李氏慢條斯理地吃著飯菜,見桌上幾個菜葷素搭配,色香味俱全,心中暗暗讚歎芸孃的手藝。同時,她又在暗暗觀察芸娘,見她舉止從容,端莊有禮,聽到宋思年表現失常,雖然面露憂色,但仍不動聲色地端坐在桌旁,熱情招呼客人,便對芸娘越發滿意。
飯後,宋思年狀態激昂,硬拖著蕭靖北說個不停,將芸娘從小到大的趣事、平時的習慣、好惡細細說了一遍,又不停地告誡蕭靖北一定要好好對待芸娘。蕭靖北耐心地陪坐在一旁,一邊笑著應承宋思年的囑託,一邊用心記下關於芸孃的一切細節。

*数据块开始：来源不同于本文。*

(* With an even number of agents $n=2p$, the modified RC mechanism subgame perfect implements the majority correspondence $Maj$ in the following sense: for every preference profile $R$ with $|Maj(R)|=1$, every subgame-perfect equilibrium yields $Maj(R)$ and some subgame-perfect equilibrium yields $Maj(R)$; and for every $R$ with $Maj(R)=\{a,b\}$, a subgame-perfect equilibrium exists, any lottery over $A$ being an admissible equilibrium outcome.
   Context: Agents $I=\{1,\dots,n\}$, $n=2p$, options $A=\{a,b\}$, strict preferences, complete information; lotteries compared by stochastic dominance (an agent preferring $x$ weakly (strictly) prefers $\beta$ to $\eta$ iff $\beta(x)\ge\eta(x)$ ($>$)). Majority correspondence: $Maj(R)=a$ if at least $p+1$ agents prefer $a$, $Maj(R)=b$ if at least $p+1$ agents prefer $b$, and $Maj(R)=\{a,b\}$ otherwise. Modified RC mechanism: Voting stage: each agent simultaneously votes $v_i\in A$; the profile $v$ is publicly announced. If $a$ and $b$ receive equally many votes, the outcome is the lottery giving probability $1/2$ to each option. Otherwise the option with more votes is the Voting-stage winner, and in the Confirmation stage $p+1$ agents are drawn uniformly at random and ordered uniformly, $\pi_1,\dots,\pi_{p+1}$; sequentially, as long as nobody has announced $Y$, agent $\pi_t$ announces $Y$ or $N$. If some agent announces $Y$ the outcome is the Voting-stage winner; if all announce $N$ the outcome is the lottery $\beta(v)$ with $\beta_a(v)=|\{i:v_i=a\}|/n$, $\beta_b(v)=1-\beta_a(v)$. *)

theory Defs
  imports Complex_Main
begin
(* Consider metrics on the four-sphere of the form $$ds^2=dr^2+\frac{f(r)^2}{4}(d\theta^2+\sin^2\theta\,d\phi^2)+\frac{g(r)^2}{4}(d\psi+\cos\theta\,d\phi)^2,$$ $0\le r\le\pi$, $0\le\theta\le\pi$, $0\le\phi\le 2\pi$, $0\le\psi\le4\pi$, with $f,g$ smooth, and the system of ordinary differential equations $$\frac{f''}{f}=\frac{f'g'}{fg}-\frac{g^2}{f^4},\qquad \frac{g''}{g}=\frac{f'^2-4}{f^2}+\frac{3g^2}{f^4},$$ which is satisfied by the round four-sphere $f(r)=g(r)=\sin r$ and whose solutions give Einstein metrics of this form. Substitute $f(r)=\sin r+\epsilon p(r)$, $g(r)=\sin r+\epsilon q(r)$ and keep terms of first order in $\epsilon$, obtaining the linearized system $$p''-q=(p'+q')\cot r+\frac{3}{\sin^2 r}(p-q),\qquad q''+q-2p=2p'\cot r-\frac{6}{\sin^2 r}(p-q).$$ Then the pairs $(p,q)$ of smooth (in particular finite) real functions on $[0,\pi]$ solving this linearized system are exactly $$p(r)=q(r)=c_1\cos r+c_2(\sin r-r\cos r),\qquad c_1,c_2\in\mathbb{R}.$$ Moreover, for every such solution, the metric with $f=g=\sin r+\epsilon p$ has Riemann curvature tensor (in the orthonormal frame $e^1=\tfrac f2 d\theta$, $e^2=\tfrac f2\sin\theta\,d\phi$, $e^3=\tfrac g2(d\psi+\cos\theta\,d\phi)$, $e^4=dr$) $$R_{abcd}=(1-2\epsilon c_2)(\delta_{ac}\delta_{bd}-\delta_{ad}\delta_{bc})+O(\epsilon^2),$$ i.e. to first order in $\epsilon$ it is a conformally flat Einstein metric of constant sectional curvature $1-2\epsilon c_2$, so the deformation changes at most the size of the sphere.
   Context: An Einstein metric is one whose Ricci tensor is a constant multiple of the metric. The round unit four-sphere corresponds to $f=g=\sin r$ and has constant sectional curvature $1$. *)

theory Defs
  imports "HOL-Analysis.Analysis" "HOL-Library.Landau_Symbols"
begin

definition smooth_on_closed :: "real \<Rightarrow> real \<Rightarrow> (real \<Rightarrow> real) \<Rightarrow> bool" where
  "smooth_on_closed a b p \<longleftrightarrow>
     (\<exists>D :: nat \<Rightarrow> real \<Rightarrow> real. (\<forall>x\<in>{a..b}. D 0 x = p x) \<and>
        (\<forall>n. \<forall>x\<in>{a..b}. (D n has_real_derivative D (Suc n) x) (at x within {a..b})))"

text \<open>Points of the chart are coordinate tuples x :: nat => real (only x 0 .. x 3 are used).
  A metric is given by its component functions G x i j (i, j < 4).\<close>

definition cpd :: "nat \<Rightarrow> ((nat \<Rightarrow> real) \<Rightarrow> real) \<Rightarrow> (nat \<Rightarrow> real) \<Rightarrow> real" where
  "cpd i F x = deriv (\<lambda>t. F (x(i := t))) (x i)"

definition ginv :: "((nat \<Rightarrow> real) \<Rightarrow> nat \<Rightarrow> nat \<Rightarrow> real) \<Rightarrow> (nat \<Rightarrow> real) \<Rightarrow> nat \<Rightarrow> nat \<Rightarrow> real" where
  "ginv G x = (THE H. (\<forall>i<4. \<forall>k<4. (\<Sum>j<4. G x i j * H j k) = (if i = k then 1 else 0)) \<and>
                     (\<forall>i j. (4 \<le> i \<or> 4 \<le> j) \<longrightarrow> H i j = 0))"

definition christoffel :: "((nat \<Rightarrow> real) \<Rightarrow> nat \<Rightarrow> nat \<Rightarrow> real) \<Rightarrow> (nat \<Rightarrow> real) \<Rightarrow> nat \<Rightarrow> nat \<Rightarrow> nat \<Rightarrow> real" where
  "christoffel G x i k l = (1/2) * (\<Sum>m<4. ginv G x i m *
      (cpd k (\<lambda>y. G y m l) x + cpd l (\<lambda>y. G y m k) x - cpd m (\<lambda>y. G y k l) x))"

definition riemann_up :: "((nat \<Rightarrow> real) \<Rightarrow> nat \<Rightarrow> nat \<Rightarrow> real) \<Rightarrow> (nat \<Rightarrow> real) \<Rightarrow> nat \<Rightarrow> nat \<Rightarrow> nat \<Rightarrow> nat \<Rightarrow> real" where
  "riemann_up G x i j k l =
     cpd k (\<lambda>y. christoffel G y i l j) x - cpd l (\<lambda>y. christoffel G y i k j) x +
     (\<Sum>m<4. christoffel G x i k m * christoffel G x m l j - christoffel G x i l m * christoffel G x m k j)"

text \<open>Fully covariant Riemann tensor R_{ijkl} = g_{im} R^m_{jkl}; with this convention a space of
  constant sectional curvature K has R_{ijkl} = K (g_{ik} g_{jl} - g_{il} g_{jk}).\<close>
definition riemann :: "((nat \<Rightarrow> real) \<Rightarrow> nat \<Rightarrow> nat \<Rightarrow> real) \<Rightarrow> (nat \<Rightarrow> real) \<Rightarrow> nat \<Rightarrow> nat \<Rightarrow> nat \<Rightarrow> nat \<Rightarrow> real" where
  "riemann G x i j k l = (\<Sum>m<4. G x i m * riemann_up G x m j k l)"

李氏等人俱是哭笑不得,只好傻傻坐在廂房裡。宋芸娘收拾了碗筷去了廚房,託付許安慧代為招呼李氏等人。許安慧見李氏枯坐,便隨意聊了起來,“李嬸,您家靖嫻真是乖巧懂事,我娘很是喜歡她呢!”
李氏笑道:“我家靖嫻叨擾了令堂這麼久,說起來我真是心裡難安,本是要親自上門道謝的,可是前段時間身體一直不是很好。今日本為提親一事過來,卻不好順便去拜訪令堂,改日一定要專程上門道謝。”
許安慧聞言一驚,心想最好不要拜訪。她方才本是為了打破沉默和尷尬,無話找話,誰承想找出了麻煩。張氏此刻心中正有一根刺,若李氏貿貿然上門拜訪,不是讓那根刺刺得更深嗎?想到此處,許安慧便笑道:“您太多禮了,說起來,我還要感謝靖嫻替我照顧娘呢,都是互相幫忙的事情,不要講那麼多客套。您這些日子還要忙蕭四爺的婚事,這點子小事不要記掛在心上,我會給我娘轉達的。”

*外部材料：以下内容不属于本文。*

(* Suppose that $2\le n_0<\infty$ and that $S$ is submultiplicative on $[1,n_0]$. Then there exists $\varepsilon_0>0$ such that for all $0<\varepsilon<\varepsilon_0$ the extension $S_\varepsilon$ of $S$ to $[1,n_0^2]$ defined by $$S_\varepsilon(x)=\begin{cases}S(x),&1\le x\le n_0,\\ S(n_0)+\varepsilon(x-n_0),& n_0<x\le n_0^2,\end{cases}$$ is submultiplicative on $[1,n_0^2]$.
   Context: Let $2\le n_0\le\infty$ and let $S$ be a real-valued function on $[1,n_0]$ (on $[1,\infty)$ if $n_0=\infty$). $S$ is called submultiplicative on $[1,n_0]$ if: (a) $S$ is piecewise-linear, continuous, strictly increasing and concave; (b) $S(x)=x$ for $1\le x\le 2$; (c) $S(xy)\le S(x)S(y)$ for all $x,y$ with $1\le x,y,xy\le n_0$. *)

theory Defs
  imports "HOL-Analysis.Analysis"
begin

definition piecewise_linear_on :: "real \<Rightarrow> real \<Rightarrow> (real \<Rightarrow> real) \<Rightarrow> bool" where
  "piecewise_linear_on a b S \<longleftrightarrow>
     (\<exists>P. finite P \<and> P \<subseteq> {a..b} \<and> a \<in> P \<and> b \<in> P \<and>
        (\<forall>u\<in>P. \<forall>v\<in>P. u < v \<and> (\<forall>w\<in>P. \<not> (u < w \<and> w < v)) \<longrightarrow>
            (\<exists>m c. \<forall>x\<in>{u..v}. S x = m * x + c)))"

definition submultiplicative_on :: "real \<Rightarrow> (real \<Rightarrow> real) \<Rightarrow> bool" where
  "submultiplicative_on n0 S \<longleftrightarrow>
     piecewise_linear_on 1 n0 S \<and> continuous_on {1..n0} S \<and>
     strict_mono_on {1..n0} S \<and> concave_on {1..n0} S \<and>
     (\<forall>x\<in>{1..2}. S x = x) \<and>
     (\<forall>x y. 1 \<le> x \<and> 1 \<le> y \<and> x * y \<le> n0 \<longrightarrow> S (x * y) \<le> S x * S y)"

end

theory Submission
  imports Defs
begin

text \<open>Let m > 0 be the slope of the last linear piece of S. By concavity every chord of S
has slope at least m, so for \<open>\<epsilon> \<le> m\<close> gluing on a line of slope \<open>\<epsilon>\<close> keeps the function
concave. For submultiplicativity only products \<open>x y > n0\<close> are new. If \<open>x > n0\<close>, then
\<open>y \<le> n0\<close> and the excess \<open>\<epsilon> x (y - 1)\<close> is paid for by \<open>S y - 1 \<ge> m (y - 1)\<close>. If
\<open>x, y \<le> n0\<close>, put \<open>z = n0 / x\<close>: then \<open>S n0 \<le> S x S z\<close>, and the excess \<open>\<epsilon> x (y - z)\<close> is
paid for by \<open>S x (S y - S z) \<ge> m (y - z)\<close>. Both need \<open>\<epsilon> x \<le> m\<close>, i.e. \<open>\<epsilon> \<le> m / n0\<^sup>2\<close>.\<close>

definition affine_extension :: "real \<Rightarrow> real \<Rightarrow> (real \<Rightarrow> real) \<Rightarrow> real \<Rightarrow> real" where
  "affine_extension b e f x = (if x \<le> b then f x else f b + e * (x - b))"

lemma concave_on_chord:
  fixes f :: "real \<Rightarrow> real"
  assumes "concave_on I f" "x \<in> I" "y \<in> I" "x \<le> w" "w \<le> y" "x < y"
  shows "(f y - f x) * (w - x) \<le> (f w - f x) * (y - x)"
proof -
  define t where "t = (w - x) / (y - x)"
  have t: "0 \<le> t" "t \<le> 1" and tw: "t * (y - x) = w - x"
    using assms by (auto simp: t_def field_simps)
  have "(1 - t) *\<^sub>R x + t *\<^sub>R y = w"
    using tw by (simp add: algebra_simps)
  then have "t * (f y - f x) \<le> f w - f x"
    using concave_onD[OF assms(1) t assms(2,3)] by (simp add: algebra_simps)
  then have "t * (f y - f x) * (y - x) \<le> (f w - f x) * (y - x)"
    using assms(6) by (simp add: mult_right_mono)
  then show ?thesis
    by (simp add: tw[symmetric] algebra_simps)
qed

lemma concave_on_chordI:
  fixes f :: "real \<Rightarrow> real"
  assumes "convex I"
    and chord: "\<And>x w y. x \<in> I \<Longrightarrow> y \<in> I \<Longrightarrow> x < w \<Longrightarrow> w < y \<Longrightarrow>
                  (f y - f x) * (w - x) \<le> (f w - f x) * (y - x)"
  shows "concave_on I f"
proof (rule concave_on_linorderI[OF _ assms(1)])
  fix t x y :: real
  assume t: "0 < t" "t < 1" and xy: "x \<in> I" "y \<in> I" "x < y"
  define w where "w = (1 - t) * x + t * y"
  have wx: "w - x = t * (y - x)" and yw: "y - w = (1 - t) * (y - x)"
    by (simp_all add: w_def algebra_simps)
  then have "x < w" "w < y"
    using t xy by (metis diff_gt_0_iff_gt mult_pos_pos)+
  with chord xy have "(t * (f y - f x)) * (y - x) \<le> (f w - f x) * (y - x)"
    by (metis wx mult.assoc mult.commute)
  then have "t * (f y - f x) \<le> f w - f x"
    using xy by simp
  then show "(1 - t) * f x + t * f y \<le> f ((1 - t) *\<^sub>R x + t *\<^sub>R y)"
    by (simp add: w_def algebra_simps)
qed

lemma piecewise_linear_on_last_piece:
  assumes "piecewise_linear_on a b f" "a < b"
  obtains u m c where "a \<le> u" "u < b" "\<And>x. x \<in> {u..b} \<Longrightarrow> f x = m * x + c"
proof -
  obtain P where P: "finite P" "P \<subseteq> {a..b}" "a \<in> P" "b \<in> P"
    and affine: "\<forall>u\<in>P. \<forall>v\<in>P. u < v \<and> (\<forall>w\<in>P. \<not> (u < w \<and> w < v)) \<longrightarrow>
                   (\<exists>m c. \<forall>x\<in>{u..v}. f x = m * x + c)"
    using assms(1) unfolding piecewise_linear_on_def by blast
  define u where "u = Max {p\<in>P. p < b}"
  have "u \<in> {p\<in>P. p < b}"
    unfolding u_def using P assms(2) by (intro Max_in) auto
  moreover have "\<forall>w\<in>P. \<not> (u < w \<and> w < b)"
    using P(1) Max_ge[of "{p\<in>P. p < b}"] unfolding u_def by fastforce
  ultimately obtain m c where "\<forall>x\<in>{u..b}. f x = m * x + c"
    using affine P(4) by blast
  moreover have "a \<le> u"
    using \<open>u \<in> {p\<in>P. p < b}\<close> P(2) by auto
  ultimately show ?thesis
    using that \<open>u \<in> {p\<in>P. p < b}\<close> by blast
qed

廂房裡,許安慧和李氏等人在無話找話地聊著。正房裡,宋思年仍在意氣風發的高談闊論。最後,柳大夫忍無可忍,叫上荀哥兒一起扶宋思年回房歇息,蕭靖北這才抽身出來,去廚房尋宋芸娘。
低矮的廚房裡,宋芸娘正在低頭忙著洗碗,見屋內光線一暗,忙抬頭看去,卻見蕭靖北高大的身影站在門口,他背光而立,雖然面容模糊不清,宋芸娘卻可以感受到他炙熱的目光緊緊盯在自己身上。
“芸娘,我……”蕭靖北剛開口,卻聽得李氏在院子裡喚他,他猶豫了下,匆匆對芸娘說:“我在城牆處等你。”便轉身去找李氏。
李氏見天色不早,想著今日舉家出門提親,家中只留有蕭靖嫻照顧鈺哥兒,有些擔心,便提出告辭,和劉媒婆、蕭靖北、王姨娘一起,帶著婚書和宋芸孃家的回禮,心滿意足地離開了宋家。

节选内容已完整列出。